2021SC@SDUSC

L2Agent运行机制

本文内容的前半部分(daemon_loop之前)后半部分来自对源码的自主阅读。

概述

L2Agent通常运行在Hypervisor,与neutron-server通过RPC通信,监听并通知设备的变化,创建新的设备来确保网络segment的正确性,应用security groups规则等。例如,OVS Agent,使用Open vSwitch来实现VLAN, GRE,VxLAN来实现网络的隔离,还包括了网络流量的转发控制。

源码聚焦

neutron-18.1.1/neutron/plugins/ml2/drivers/openvswitch/agent/ovs_neutron_agent.py

main函数

def main(bridge_classes):
ovs_capabilities.register()
ext_manager.register_opts(cfg.CONF)
agent_config.setup_privsep()
service_conf.register_service_opts(service_conf.RPC_EXTRA_OPTS, cfg.CONF)

ext_mgr = ext_manager.L2AgentExtensionsManager(cfg.CONF)

# now that all extensions registered their options, we can log them
n_utils.log_opt_values(LOG)

validate_tunnel_config(cfg.CONF.AGENT.tunnel_types, cfg.CONF.OVS.local_ip)

init_try = 1
while True:
    try:
        agent = OVSNeutronAgent(bridge_classes, ext_mgr, cfg.CONF)
        capabilities.notify_init_event(n_const.AGENT_TYPE_OVS, agent)
        break
    except ovs_exceptions.TimeoutException as e:
        if init_try < INIT_MAX_TRIES:
            LOG.warning("Ovsdb command timeout!")
            init_try += 1
        else:
            LOG.error("%(err)s agent terminated after %(attempts)s "
                      "initialization attempts!",
                      {'err': e, 'attempts': init_try})
            sys.exit(1)
    except (RuntimeError, ValueError) as e:
        LOG.error("%s agent terminated!", e)
        sys.exit(1)
agent.daemon_loop()

图解:

openstack 元数据 openstack源码分析_sed

前面做了一些准备工作,最重要的是OVS Agent的初始化,这个函数里面调用self.setup_integration_br()完成:安装integration网桥、创建patch ports并移除所有现有的流规则、添加基本的流规则;调用self.setup_rpc()完成设置用来与neutron-server通信的plugin_rpc、设置用于agent状态信息上报的state_rpc、设置用于接收neutron-server的消息connection、并且启动心跳的周期上报,周期默认为30s(Neutron server端启动了rpc_listeners,对agent发过来的消息进行监听,对于心跳的监听,是如果接收到心跳信号,就会对数据库中的时间戳进行更新,如果一直不更新时间戳,当前时间减去更新的时间戳,如果超过默认的agent_down_time=75s,则认为agent处于down的状态);调用self.setup_physical_bridges(self.bridge_mappings)完成完成了物理网桥br-eth*的创建,创建好网桥之后,与安装br-int一样,首先删除了现有的所有流规则,并添加了同样为normal的流规则,用以转发消息,接下来是与br-int不同的地方,根据use_veth_interconnection决定是否使用veth与br-int进行连接,并配置veth或者patch port,然后通过设置drop流规则,封锁桥之间的通信,然后使能veth或者patch ports进行通信;其余函数对DVR Agent(分布式路由代理)和Security Group Agent(安全组代理)的初始化工作,用于处理DVR和security group。
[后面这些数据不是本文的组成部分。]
lemma bell_appell_power_CHAR_power:
  fixes z :: "'a::field poly"
  assumes "CHAR('a) = p" "prime p" "Q = p ^ k" "\<And>c::'a. c ^ Q = c"
  shows "bell_appell [:s:] n z ^ Q = bell_appell [:s:] n (z ^ Q)"
proof -
  have const: "[:c:] ^ Q = [:c:]" for c :: 'a
    by (simp add: poly_const_pow assms(4))
  have "bell_appell [:s:] n z ^ Q = (\<Sum>j\<le>n. (of_nat (n choose j) * z ^ (n - j) * bell [:s:] j) ^ Q)"
    unfolding bell_appell_def by (rule freshmans_dream_sum') (use assms in simp_all)
  also have "\<dots> = bell_appell [:s:] n (z ^ Q)"
    unfolding bell_appell_def
  proof (intro sum.cong refl)
    fix j
    have "(of_nat (n choose j) :: 'a poly) ^ Q = of_nat (n choose j)"
      by (simp add: of_nat_poly const)
    moreover have "(z ^ (n - j)) ^ Q = (z ^ Q) ^ (n - j)"
      by (simp add: mult.commute flip: power_mult)
    ultimately show "(of_nat (n choose j) * z ^ (n - j) * bell [:s:] j) ^ Q
        = of_nat (n choose j) * (z ^ Q) ^ (n - j) * bell [:s:] j"
      by (simp only: power_mult_distrib bell_const_poly const)
  qed
  finally show ?thesis .
qed

lemma bell_appell_cong:
  fixes x y :: "'a::unique_euclidean_ring"
  shows "[x = y] (mod M) \<Longrightarrow> [bell_appell s n x = bell_appell s n y] (mod M)"
  unfolding bell_appell_def by (intro cong_sum cong_mult cong_pow cong_refl)

section \<open>The Carlitz module modulo \<open>P\<^sup>2\<close>\<close>

lemma carlitz_T_cong:
  "[x = y] (mod M) \<Longrightarrow> [carlitz_T Q x = carlitz_T Q (y :: 'a::field poly)] (mod M)"
  unfolding carlitz_T_def by (intro cong_add cong_mult cong_pow cong_refl)

lemma carlitz_trinomial:
  fixes \<alpha> \<beta> :: "'a::field"
  assumes "p \<ge> 2"
  shows "carlitz Q (monom 1 p - monom \<alpha> 1 - monom \<beta> 0) x
     = (carlitz_T Q ^^ p) x - smult \<alpha> (carlitz_T Q x) - smult \<beta> x"
proof -
  let ?N = "monom 1 p - monom \<alpha> 1 - monom \<beta> 0 :: 'a poly"
  have coeff_N: "coeff ?N i = (if i = p then 1 else 0) - (if i = 1 then \<alpha> else 0) - (if i = 0 then \<beta> else 0)"
    for i
    by (simp add: coeff_monom)
  have "degree ?N = p"
  proof (rule order_antisym)
    show "degree ?N \<le> p"
      by (intro degree_le allI impI) (use assms in \<open>simp add: coeff_N\<close>)
    show "p \<le> degree ?N"
      by (rule le_degree) (use assms in \<open>simp add: coeff_N\<close>)
  qed
  then show ?thesis
    using assms unfolding carlitz_def coeff_N
    by (simp add: smult_diff_left sum_subtractf if_distrib[of "\<lambda>c. smult c _"] cong: if_cong)
qed

lemma carlitz_trinomial_minus_1:
  fixes \<alpha> b :: "'a::field"
  assumes "p \<ge> 2" "P = [:0, 1:] ^ p - [:\<alpha>:] * [:0, 1:] - [:b:]"
  shows "carlitz Q (P - 1) 1 = (carlitz_T Q ^^ p) 1 - [:\<alpha>:] * ([:0, 1:] + 1) - ([:b:] + 1)"
proof -
  have P_minus_1: "P - 1 = monom 1 p - monom \<alpha> 1 - monom (b + 1) 0"
    unfolding assms(2) by (simp add: monom_altdef algebra_simps one_pCons)
  have "carlitz_T Q 1 = [:0, 1:] + (1 :: 'a poly)"
    by (simp add: carlitz_T_def)
  then show ?thesis
    unfolding P_minus_1 carlitz_trinomial[OF assms(1)] by (simp add: one_pCons)
qed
(再次感谢)

最后,开始daemon_loop,从此开始agent正式工作:

def daemon_loop(self):
    # Start everything.
    LOG.info("Agent initialized successfully, now running... ")
    signal.signal(signal.SIGTERM, self._handle_sigterm)
    if hasattr(signal, 'SIGHUP'):
        signal.signal(signal.SIGHUP, self._handle_sighup)
    br_names = [br.br_name for br in self.phys_brs.values()]

    self.ovs.ovsdb.idl_monitor.start_bridge_monitor(br_names)
    bridge_names = polling.filter_bridge_names([self.int_br.br_name])
    with polling.get_polling_manager(
            self.minimize_polling,
            self.ovsdb_monitor_respawn_interval,
            bridge_names=bridge_names,
            ovs=self.ovs) as pm:
        self.rpc_loop(polling_manager=pm)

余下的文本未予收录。